The Bardstown Fire Department will get the new 109-foot ladder truck its chief wants.
At the City Council’s meeting Tuesday night, a majority voted to accept a bid of $746,398 for a 109-foot aerial truck from a Louisville vendor of Rosenbauer, a South Dakota company.
The truck, currently in production, will be equipped with a pump and water tank so that it can also be used as a pumper.
“It’s what we call a multifunctional piece of equipment,” City Fire Chief Randy Walker said.
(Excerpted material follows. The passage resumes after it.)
(* Let $\epsilon\in\{-1,0,1\}$, $f\in L^2(\Omega)$, and let $\mathbf u_h=(u_h,\hat u_h)\in\mathbf V_h$ be a solution of the H-IP problem. Then for all $\mathbf v_h=(v_h,\hat v_h)\in\mathbf V_h$, $$\langle\sigma(v_h),[\![\mathbf u_h]\!]\rangle_{\partial\mathcal T_h}=-\langle\{\kappa\nabla_hv_h\}^*_{\omega^\tau},[u_h]\rangle_{\mathcal F_h}-\langle\varrho_1[\kappa\nabla_hu_h],[\kappa\nabla_hv_h]\rangle_{\mathcal F_h^i},$$ $$\langle\hat\sigma(\mathbf u_h),[\![\mathbf v_h]\!]\rangle_{\partial\mathcal T_h}=-\langle\{\kappa\nabla_hu_h\}^*_{\omega^\tau},[v_h]\rangle_{\mathcal F_h}+\langle\varrho_0[u_h],[v_h]\rangle_{\mathcal F_h}.$$
   Context: Setting. Let $\Omega\subset\mathbb R^d$, $d\in\{2,3\}$, be a bounded polyhedral Lipschitz domain. Let $\kappa:\Omega\to\mathbb R^{d\times d}$ be symmetric with $\kappa_{\min}|\xi|^2\le\xi^\top\kappa(x)\xi\le\kappa_{\max}|\xi|^2$ for all $\xi\in\mathbb R^d$ and a.e. $x$, where $0<\kappa_{\min}\le\kappa_{\max}<\infty$. Let $\mathcal T_h$ be a conforming affine simplicial mesh of $\Omega$ from a shape-regular family, with $h_E=\operatorname{diam}E$, $h=\max_Eh_E\le1$, and assume $\kappa$ is constant on each element, $\kappa_E:=\kappa|_E$. $\mathcal F_h=\mathcal F_h^i\cup\mathcal F_h^b$ is the set of faces (edges if $d=2$), split into interior and boundary faces; $\mathcal F_E$ is the set of faces of $E$, $n_{E,F}$ the unit outward normal to $F\in\mathcal F_E$, and $\eta_0:=\max_E\#\mathcal F_E$. For an interior face $F=\partial E_1\cap\partial E_2$, a subscript $i\in\{1,2\}$ denotes the trace from $E_i$ and $n_i:=n_{E_i,F}$. $\nabla_h$ is the elementwise gradient; $(\cdot,\cdot)_{\mathcal T_h}:=\sum_E(\cdot,\cdot)_{L^2(E)}$, $\langle\cdot,\cdot\rangle_{\partial\mathcal T_h}:=\sum_E\sum_{F\in\mathcal F_E}\langle\cdot,\cdot\rangle_{L^2(F)}$ (traces from $E$), $\langle\cdot,\cdot\rangle_{\mathcal F}:=\sum_{F\in\mathcal F}\langle\cdot,\cdot\rangle_{L^2(F)}$ for a set $\mathcal F$ of faces. Fix $k\ge1$: $V_h:=\{v\in L^2(\Omega):v|_E\in\mathbb P_k(E)\ \forall E\}$, $\hat V_h:=\{\hat v\in L^2(\bigcup_{F\in\mathcal F_h}F):\hat v|_F\in\mathbb P_k(F)\ \forall F,\ \hat v|_F=0\ \forall F\in\mathcal F_h^b\}$, $\mathbf V_h:=V_h\times\hat V_h$ ($\mathbb P_k$ = polynomials of total degree $\le k$). Trace operators. For an interior face and a pair of weights $(\omega_1,\omega_2)$ with $\omega_1+\omega_2=1$ (boundary faces: $(1,0)$): $[\varphi]:=\varphi_1n_1+\varphi_2n_2$, $\{\varphi\}_\omega:=\omega_1\varphi_1+\omega_2\varphi_2$, $\{\varphi\}^*_\omega:=\omega_2\varphi_1+\omega_1\varphi_2$; on a boundary face $F\subset\partial E$: $[\varphi]:=\varphi|_En_{E,F}$, $\{\varphi\}_\omega=\{\varphi\}^*_\omega:=\varphi|_E$. Means of vector fields are componentwise; for a vector field $\mathbf b$, $[\mathbf b]:=\mathbf b_1\cdot n_1+\mathbf b_2\cdot n_2$ (scalar) on interior faces. HDG jump: $[\![(\varphi,\hat\varphi)]\!]|_{E,F}:=(\varphi|_E-\hat\varphi)n_{E,F}$ for $F\in\mathcal F_E$. Penalty and coefficients. Let $C_T>0$ be such that $\|w\|_{L^2(F)}^2\le C_T^2h_E^{-1}\|w\|_{L^2(E)}^2$ for all $E$, $F\in\mathcal F_E$, $w\in\mathbb P_k(E)$. Fix $\alpha_0>0$ and set $\tau|_{E,F}:=\alpha_0C_T^2\kappa_{E,F}h_E^{-1}$ with $\kappa_{E,F}:=n_{E,F}^\top\kappa_En_{E,F}$. On an interior face with $\tau_i:=\tau|_{E_i,F}$: $\omega^\tau_i:=\tau_i/(\tau_1+\tau_2)$, $\varrho_0:=\tau_1\tau_2/(\tau_1+\tau_2)$, $\varrho_1:=1/(\tau_1+\tau_2)$; on a boundary face $F\subset\partial E$: $\omega^\tau:=(1,0)$, $\varrho_0:=\tau|_{E,F}$. H-IP method. For $\epsilon\in\{-1,0,1\}$, $\sigma(v):=-\kappa\nabla_hv$, and for $\mathbf u=(u,\hat u)\in\mathbf V_h$, $\hat\sigma(\mathbf u):=\sigma(u)+\tau[\![\mathbf u]\!]$ on $\partial\mathcal T_h$ (double-valued). $\mathbf a_h^{(\epsilon)}(\mathbf u,\mathbf v):=(\kappa\nabla_hu,\nabla_hv)_{\mathcal T_h}+\langle\hat\sigma(\mathbf u),[\![\mathbf v]\!]\rangle_{\partial\mathcal T_h}+\epsilon\langle\sigma(v),[\![\mathbf u]\!]\rangle_{\partial\mathcal T_h}$ for $\mathbf u=(u,\hat u),\mathbf v=(v,\hat v)\in\mathbf V_h$. The H-IP problem: find $\mathbf u_h\in\mathbf V_h$ with $\mathbf a_h^{(\epsilon)}(\mathbf u_h,\mathbf v_h)=(f,v_h)_{\mathcal T_h}$ for all $\mathbf v_h=(v_h,\hat v_h)\in\mathbf V_h$. *)

theory Defs
  imports "HOL-Analysis.Analysis"
begin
When firefighters go out on a call, he said, “they’ll have every tool they’ll need at their disposal on that one truck.”
Walker said equipment from the 1988 ladder truck currently in use will be transferred to the new truck, and the old truck will be sold because the city has no place to store it.
The fire station behind City Hall only has two bays that are of sufficient height and length to accommodate the ladder trucks.
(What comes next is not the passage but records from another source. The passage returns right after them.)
(* Assume the standing setting below. If $I$ is a dually safe feasible set, then $\mathring{\mathsf{span}}_M(I)\cap E_1$ is a base of $N^*\upharpoonright(\mathsf{span}_M(I)\cap E_1)$.
   Context: Standing setting: $E$ is countable, $M$ is a finitary matroid on $E$, $N$ is a matroid on $E$ that is a direct sum of a finitary and a cofinitary matroid. $E_0$ is the union of the finitary components of $N$ (components = connected components of the circuit hypergraph), $E_1:=E\setminus E_0$, $F^j:=F\cap E_j$. $\mathring{\mathsf{span}}_M(F):=\mathsf{span}_M(F)\setminus F$. $F$ is dually safe if $F^1\subseteq\mathsf{span}_{N^*}(\mathring{\mathsf{span}}_M(F))$. Matroids are possibly infinite; $M/X:=(M^*\upharpoonright(E\setminus X))^*$, $M.X:=M/(E\setminus X)$; $r(K)=0$ means $\varnothing$ is a base of $K$. $W$ is an $(M,N)$-wave if $M\upharpoonright W$ has a base independent in $N.W$. $\mathsf{cond}(M,N)$: for every $(M,N)$-wave $W$, $N.W$ has an $M$-independent base. A set $I$ independent in both $M$ and $N$ is feasible if $\mathsf{cond}(M/I,N/I)$ holds. *)

theory Defs
  imports Main "HOL-Library.Countable_Set"
begin

text \<open>Possibly infinite matroids (Bruhn et al. independence axioms), given by a
ground set and a family of independent sets.\<close>

record 'a matroid =
  gnd :: "'a set"
  ind :: "'a set set"

definition base :: "'a matroid \<Rightarrow> 'a set \<Rightarrow> bool" where
  "base M B \<longleftrightarrow> B \<in> ind M \<and> (\<forall>I\<in>ind M. B \<subseteq> I \<longrightarrow> I = B)"

definition is_matroid :: "'a matroid \<Rightarrow> bool" where
  "is_matroid M \<longleftrightarrow>
     (\<forall>I\<in>ind M. I \<subseteq> gnd M) \<and>
     {} \<in> ind M \<and>
     (\<forall>I J. I \<in> ind M \<and> J \<subseteq> I \<longrightarrow> J \<in> ind M) \<and>
     (\<forall>I B. I \<in> ind M \<and> \<not> base M I \<and> base M B \<longrightarrow>
        (\<exists>x\<in>B - I. insert x I \<in> ind M)) \<and>
     (\<forall>I X. I \<in> ind M \<and> I \<subseteq> X \<and> X \<subseteq> gnd M \<longrightarrow>
        (\<exists>J. J \<in> ind M \<and> I \<subseteq> J \<and> J \<subseteq> X \<and>
             (\<forall>K\<in>ind M. J \<subseteq> K \<and> K \<subseteq> X \<longrightarrow> K = J)))"

definition dual :: "'a matroid \<Rightarrow> 'a matroid" where
  "dual M = \<lparr>gnd = gnd M,
             ind = {I. I \<subseteq> gnd M \<and> (\<exists>B. base M B \<and> I \<subseteq> gnd M - B)}\<rparr>"

definition restrict :: "'a matroid \<Rightarrow> 'a set \<Rightarrow> 'a matroid" where
  "restrict M X = \<lparr>gnd = X, ind = {I \<in> ind M. I \<subseteq> X}\<rparr>"

definition contract :: "'a matroid \<Rightarrow> 'a set \<Rightarrow> 'a matroid" where
  "contract M X = dual (restrict (dual M) (gnd M - X))"

definition contract_to :: "'a matroid \<Rightarrow> 'a set \<Rightarrow> 'a matroid" where
  "contract_to M X = contract M (gnd M - X)"

definition circuit :: "'a matroid \<Rightarrow> 'a set \<Rightarrow> bool" where
  "circuit M C \<longleftrightarrow> C \<subseteq> gnd M \<and> C \<notin> ind M \<and> (\<forall>D. D \<subset> C \<longrightarrow> D \<in> ind M)"

definition finitary :: "'a matroid \<Rightarrow> bool" where
  "finitary M \<longleftrightarrow> (\<forall>I. I \<subseteq> gnd M \<and> (\<forall>F. F \<subseteq> I \<and> finite F \<longrightarrow> F \<in> ind M) \<longrightarrow> I \<in> ind M)"

definition cofinitary :: "'a matroid \<Rightarrow> bool" where
  "cofinitary M \<longleftrightarrow> finitary (dual M)"

definition fin_cofin_sum :: "'a matroid \<Rightarrow> bool" where
  "fin_cofin_sum N \<longleftrightarrow> (\<exists>A B. A \<inter> B = {} \<and> A \<union> B = gnd N \<and>
      finitary (restrict N A) \<and> cofinitary (restrict N B) \<and>
      ind N = {I1 \<union> I2 | I1 I2. I1 \<in> ind (restrict N A) \<and> I2 \<in> ind (restrict N B)})"

definition span :: "'a matroid \<Rightarrow> 'a set \<Rightarrow> 'a set" where
  "span M X = X \<union> {e \<in> gnd M. \<exists>C. circuit M C \<and> e \<in> C \<and> C \<subseteq> insert e X}"

definition span_ring :: "'a matroid \<Rightarrow> 'a set \<Rightarrow> 'a set" where
  "span_ring M X = span M X - X"

definition circ_rel :: "'a matroid \<Rightarrow> ('a \<times> 'a) set" where
  "circ_rel M = {(x, y). \<exists>C. circuit M C \<and> x \<in> C \<and> y \<in> C}"

definition component :: "'a matroid \<Rightarrow> 'a set \<Rightarrow> bool" where
  "component M K \<longleftrightarrow> (\<exists>x\<in>gnd M. K = {y \<in> gnd M. (x, y) \<in> (circ_rel M)\<^sup>*})"

definition fin_part :: "'a matroid \<Rightarrow> 'a set" where
  "fin_part N = \<Union>{K. component N K \<and> finitary (restrict N K)}"

definition cofin_part :: "'a matroid \<Rightarrow> 'a set" where
  "cofin_part N = gnd N - fin_part N"

definition dually_safe :: "'a matroid \<Rightarrow> 'a matroid \<Rightarrow> 'a set \<Rightarrow> bool" where
  "dually_safe M N F \<longleftrightarrow> F \<inter> cofin_part N \<subseteq> span (dual N) (span_ring M F)"

definition wave :: "'a matroid \<Rightarrow> 'a matroid \<Rightarrow> 'a set \<Rightarrow> bool" where
  "wave M N W \<longleftrightarrow> W \<subseteq> gnd M \<and> (\<exists>B. base (restrict M W) B \<and> B \<in> ind (contract_to N W))"

definition cond :: "'a matroid \<Rightarrow> 'a matroid \<Rightarrow> bool" where
  "cond M N \<longleftrightarrow> (\<forall>W. wave M N W \<longrightarrow> (\<exists>B. base (contract_to N W) B \<and> B \<in> ind M))"

definition feasible :: "'a matroid \<Rightarrow> 'a matroid \<Rightarrow> 'a set \<Rightarrow> bool" where
  "feasible M N I \<longleftrightarrow> I \<in> ind M \<and> I \<in> ind N \<and> cond (contract M I) (contract N I)"

end

theory Submission imports Defs begin

(* The ring X = span M I - I consists of loops of M/I, so X is a wave of (M/I, N/I) whose only
   M/I-independent subset is empty. Feasibility thus gives (N/I).X = (N*|X)* an empty base,
   i.e. X is coindependent in N. For maximality, dual safety puts each x in I, outside E_0,
   into an N*-circuit C within X + x. But C meets E_0 only inside X, C - E_0 lies in the
   larger coindependent set, and N*-independence, like N-independence, splits along any union
   of components of N. *)

lemma gnd_dual [simp]: "gnd (dual M) = gnd M"
  by (simp add: dual_def)

lemma ind_dual: "ind (dual M) = {I. I \<subseteq> gnd M \<and> (\<exists>B. base M B \<and> I \<subseteq> gnd M - B)}"
  by (simp add: dual_def)

lemma gnd_restrict [simp]: "gnd (restrict M X) = X"
  by (simp add: restrict_def)

lemma ind_restrict: "ind (restrict M X) = {I \<in> ind M. I \<subseteq> X}"
  by (simp add: restrict_def)

lemma gnd_contract [simp]: "gnd (contract M X) = gnd M - X"
  by (simp add: contract_def)

lemma base_ind: "base M B \<Longrightarrow> B \<in> ind M"
  by (simp add: base_def)

lemma base_restrict_iff:
  "base (restrict M X) B \<longleftrightarrow> B \<in> ind M \<and> B \<subseteq> X \<and> (\<forall>L\<in>ind M. B \<subseteq> L \<and> L \<subseteq> X \<longrightarrow> L = B)"
  by (auto simp: base_def ind_restrict)

lemma ind_dual_downward: "I \<in> ind (dual M) \<Longrightarrow> J \<subseteq> I \<Longrightarrow> J \<in> ind (dual M)"
  by (auto simp: ind_dual)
Councilman Francis Lydian, who had wanted the city to buy a used truck, had several questions about the apparatus, including why the city needs a 109-foot ladder when it has no buildings that tall.
Lydian moved to table the decision because he had just received the bid proposal and had no time to study it, he said. That motion failed 3-2 with one abstention.
Councilman Fred Hagan then made a motion to approve the purchase. He reminded the other members that the council put the money in the budget last year to buy a fire truck, and the purchase has been planned since before 2015.